START GIVEN RECORDS

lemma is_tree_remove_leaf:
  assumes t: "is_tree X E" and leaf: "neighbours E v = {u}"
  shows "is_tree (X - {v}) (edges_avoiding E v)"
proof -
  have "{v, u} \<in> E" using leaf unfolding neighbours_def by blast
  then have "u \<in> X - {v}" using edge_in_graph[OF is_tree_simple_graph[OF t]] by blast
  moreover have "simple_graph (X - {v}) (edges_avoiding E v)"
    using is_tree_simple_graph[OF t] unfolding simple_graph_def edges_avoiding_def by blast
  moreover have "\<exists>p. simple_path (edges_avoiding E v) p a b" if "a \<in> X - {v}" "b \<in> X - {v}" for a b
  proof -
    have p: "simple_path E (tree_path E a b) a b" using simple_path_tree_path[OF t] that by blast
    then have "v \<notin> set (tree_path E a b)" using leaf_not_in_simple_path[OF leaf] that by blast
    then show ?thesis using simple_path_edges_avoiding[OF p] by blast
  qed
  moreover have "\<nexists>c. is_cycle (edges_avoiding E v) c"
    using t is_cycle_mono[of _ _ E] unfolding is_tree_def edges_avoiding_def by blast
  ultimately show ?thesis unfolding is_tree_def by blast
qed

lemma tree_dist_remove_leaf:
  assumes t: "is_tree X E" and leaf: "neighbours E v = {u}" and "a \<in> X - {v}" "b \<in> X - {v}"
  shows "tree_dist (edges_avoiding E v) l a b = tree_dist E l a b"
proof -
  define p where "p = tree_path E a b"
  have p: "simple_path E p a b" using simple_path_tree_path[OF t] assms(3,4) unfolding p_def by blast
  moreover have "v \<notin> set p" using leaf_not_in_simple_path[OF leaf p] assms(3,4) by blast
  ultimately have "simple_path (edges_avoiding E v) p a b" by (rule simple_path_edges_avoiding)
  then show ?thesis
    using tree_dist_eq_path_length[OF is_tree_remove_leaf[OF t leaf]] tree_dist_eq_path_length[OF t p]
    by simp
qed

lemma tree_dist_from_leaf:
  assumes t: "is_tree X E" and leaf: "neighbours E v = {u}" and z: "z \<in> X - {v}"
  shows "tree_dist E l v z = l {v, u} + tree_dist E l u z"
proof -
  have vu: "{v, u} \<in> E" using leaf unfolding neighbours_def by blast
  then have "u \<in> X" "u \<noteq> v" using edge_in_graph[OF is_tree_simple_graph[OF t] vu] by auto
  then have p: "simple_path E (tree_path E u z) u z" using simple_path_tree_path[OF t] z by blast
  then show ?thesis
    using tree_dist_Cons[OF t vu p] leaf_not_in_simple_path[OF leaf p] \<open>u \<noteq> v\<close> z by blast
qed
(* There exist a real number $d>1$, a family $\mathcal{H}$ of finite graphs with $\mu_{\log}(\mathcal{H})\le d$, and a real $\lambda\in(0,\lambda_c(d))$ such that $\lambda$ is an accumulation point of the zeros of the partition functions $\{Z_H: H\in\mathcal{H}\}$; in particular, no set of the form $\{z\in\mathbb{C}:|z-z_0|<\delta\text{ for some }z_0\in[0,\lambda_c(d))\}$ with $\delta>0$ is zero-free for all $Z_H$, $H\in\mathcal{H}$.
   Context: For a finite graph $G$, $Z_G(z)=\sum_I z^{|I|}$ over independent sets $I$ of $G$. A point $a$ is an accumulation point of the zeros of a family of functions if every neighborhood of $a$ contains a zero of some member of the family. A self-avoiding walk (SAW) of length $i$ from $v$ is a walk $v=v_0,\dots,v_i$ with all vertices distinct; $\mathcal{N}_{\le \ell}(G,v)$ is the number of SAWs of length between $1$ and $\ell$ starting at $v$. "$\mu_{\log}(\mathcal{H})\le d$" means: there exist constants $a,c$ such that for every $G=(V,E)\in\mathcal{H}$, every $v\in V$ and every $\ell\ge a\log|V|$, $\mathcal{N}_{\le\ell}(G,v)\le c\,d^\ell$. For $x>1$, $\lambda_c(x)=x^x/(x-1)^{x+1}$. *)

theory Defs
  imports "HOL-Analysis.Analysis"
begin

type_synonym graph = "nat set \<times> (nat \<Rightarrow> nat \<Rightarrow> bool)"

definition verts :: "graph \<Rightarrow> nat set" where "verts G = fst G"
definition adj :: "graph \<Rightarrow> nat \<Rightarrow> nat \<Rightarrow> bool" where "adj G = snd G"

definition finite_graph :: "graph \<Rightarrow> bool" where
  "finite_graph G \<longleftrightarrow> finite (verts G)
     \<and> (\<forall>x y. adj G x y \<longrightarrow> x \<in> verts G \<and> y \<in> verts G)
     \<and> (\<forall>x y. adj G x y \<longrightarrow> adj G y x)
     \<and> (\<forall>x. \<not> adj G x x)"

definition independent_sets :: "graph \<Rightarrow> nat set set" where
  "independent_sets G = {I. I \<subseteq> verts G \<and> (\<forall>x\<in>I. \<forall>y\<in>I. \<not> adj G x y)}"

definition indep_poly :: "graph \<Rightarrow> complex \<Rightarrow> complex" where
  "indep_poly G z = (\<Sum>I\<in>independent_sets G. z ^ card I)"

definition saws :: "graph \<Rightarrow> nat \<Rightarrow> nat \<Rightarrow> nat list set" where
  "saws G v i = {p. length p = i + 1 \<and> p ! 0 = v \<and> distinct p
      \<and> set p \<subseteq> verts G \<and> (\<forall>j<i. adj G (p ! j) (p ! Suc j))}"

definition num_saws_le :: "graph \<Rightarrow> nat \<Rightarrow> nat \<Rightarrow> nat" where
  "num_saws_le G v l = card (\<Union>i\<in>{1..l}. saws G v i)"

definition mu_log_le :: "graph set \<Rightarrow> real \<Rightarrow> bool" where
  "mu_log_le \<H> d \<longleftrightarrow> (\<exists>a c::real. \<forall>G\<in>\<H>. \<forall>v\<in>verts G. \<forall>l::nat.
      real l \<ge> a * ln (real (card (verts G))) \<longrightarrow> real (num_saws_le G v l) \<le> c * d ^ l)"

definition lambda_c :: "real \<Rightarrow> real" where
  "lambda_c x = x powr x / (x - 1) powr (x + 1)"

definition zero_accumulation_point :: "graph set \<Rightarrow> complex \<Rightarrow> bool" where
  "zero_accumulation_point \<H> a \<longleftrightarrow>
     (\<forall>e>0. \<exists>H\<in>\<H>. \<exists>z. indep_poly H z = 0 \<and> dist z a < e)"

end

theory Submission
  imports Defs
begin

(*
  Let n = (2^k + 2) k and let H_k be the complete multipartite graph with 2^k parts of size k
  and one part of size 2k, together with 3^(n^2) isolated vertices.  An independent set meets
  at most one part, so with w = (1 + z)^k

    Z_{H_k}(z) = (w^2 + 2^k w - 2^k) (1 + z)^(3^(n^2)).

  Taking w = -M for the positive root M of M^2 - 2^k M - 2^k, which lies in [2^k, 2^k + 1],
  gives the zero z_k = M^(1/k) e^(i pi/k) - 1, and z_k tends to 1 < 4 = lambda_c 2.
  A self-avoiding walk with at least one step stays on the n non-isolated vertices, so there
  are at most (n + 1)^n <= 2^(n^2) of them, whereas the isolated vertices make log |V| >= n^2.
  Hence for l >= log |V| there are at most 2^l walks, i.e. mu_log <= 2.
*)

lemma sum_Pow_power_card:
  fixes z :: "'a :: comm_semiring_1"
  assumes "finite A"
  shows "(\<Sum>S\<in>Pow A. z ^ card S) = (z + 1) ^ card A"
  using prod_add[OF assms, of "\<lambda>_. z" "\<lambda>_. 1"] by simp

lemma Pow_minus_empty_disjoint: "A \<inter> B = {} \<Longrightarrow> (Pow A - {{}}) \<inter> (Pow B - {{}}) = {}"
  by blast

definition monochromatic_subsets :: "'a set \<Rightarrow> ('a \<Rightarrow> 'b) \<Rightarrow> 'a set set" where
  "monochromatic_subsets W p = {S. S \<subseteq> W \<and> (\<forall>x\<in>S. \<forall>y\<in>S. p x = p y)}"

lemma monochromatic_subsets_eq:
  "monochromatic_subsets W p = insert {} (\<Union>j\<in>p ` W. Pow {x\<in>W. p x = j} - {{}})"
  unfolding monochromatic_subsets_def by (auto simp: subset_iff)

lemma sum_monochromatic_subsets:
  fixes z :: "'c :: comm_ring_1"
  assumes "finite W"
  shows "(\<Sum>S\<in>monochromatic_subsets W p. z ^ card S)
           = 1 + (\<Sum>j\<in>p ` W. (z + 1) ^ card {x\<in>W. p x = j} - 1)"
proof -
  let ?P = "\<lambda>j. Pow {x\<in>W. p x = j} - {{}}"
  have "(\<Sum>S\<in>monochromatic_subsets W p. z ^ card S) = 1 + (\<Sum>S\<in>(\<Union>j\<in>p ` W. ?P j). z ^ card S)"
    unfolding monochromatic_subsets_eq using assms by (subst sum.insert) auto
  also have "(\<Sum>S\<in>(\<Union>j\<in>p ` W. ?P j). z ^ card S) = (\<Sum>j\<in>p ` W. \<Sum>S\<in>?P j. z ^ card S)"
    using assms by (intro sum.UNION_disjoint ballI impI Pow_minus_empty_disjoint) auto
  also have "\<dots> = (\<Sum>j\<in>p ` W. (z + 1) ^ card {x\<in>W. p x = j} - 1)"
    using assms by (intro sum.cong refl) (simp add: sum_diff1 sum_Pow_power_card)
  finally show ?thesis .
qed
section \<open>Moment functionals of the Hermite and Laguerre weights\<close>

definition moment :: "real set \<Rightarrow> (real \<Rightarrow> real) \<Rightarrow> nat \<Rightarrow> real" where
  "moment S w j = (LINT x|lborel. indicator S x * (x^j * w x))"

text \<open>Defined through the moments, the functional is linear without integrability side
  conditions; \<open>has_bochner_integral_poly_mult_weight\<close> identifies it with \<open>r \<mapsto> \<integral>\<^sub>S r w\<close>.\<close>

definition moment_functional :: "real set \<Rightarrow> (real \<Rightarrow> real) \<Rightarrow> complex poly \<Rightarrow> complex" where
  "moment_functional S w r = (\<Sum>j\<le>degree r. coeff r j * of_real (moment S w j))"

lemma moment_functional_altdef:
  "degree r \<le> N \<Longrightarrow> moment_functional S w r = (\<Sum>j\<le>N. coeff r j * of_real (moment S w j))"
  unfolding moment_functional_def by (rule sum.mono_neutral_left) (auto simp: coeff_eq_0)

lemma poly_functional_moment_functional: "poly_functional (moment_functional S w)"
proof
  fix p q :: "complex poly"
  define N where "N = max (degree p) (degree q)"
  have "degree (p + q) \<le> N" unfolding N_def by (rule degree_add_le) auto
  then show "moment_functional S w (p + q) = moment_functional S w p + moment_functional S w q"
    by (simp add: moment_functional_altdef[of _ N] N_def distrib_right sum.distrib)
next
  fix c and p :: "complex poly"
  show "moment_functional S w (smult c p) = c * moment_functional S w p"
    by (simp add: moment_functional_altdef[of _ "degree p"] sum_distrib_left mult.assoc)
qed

END GIVEN RECORDS

| EXERCISE GOAL |
Working through the data above, find every line holding "subseteq" and copy it.

| SOLUTION FOR THIS PROBLEM |
  "independent_sets G = {I. I \<subseteq> verts G \<and> (\<forall>x\<in>I. \<forall>y\<in>I. \<not> adj G x y)}"
      \<and> set p \<subseteq> verts G \<and> (\<forall>j<i. adj G (p ! j) (p ! Suc j))}"
  "monochromatic_subsets W p = {S. S \<subseteq> W \<and> (\<forall>x\<in>S. \<forall>y\<in>S. p x = p y)}"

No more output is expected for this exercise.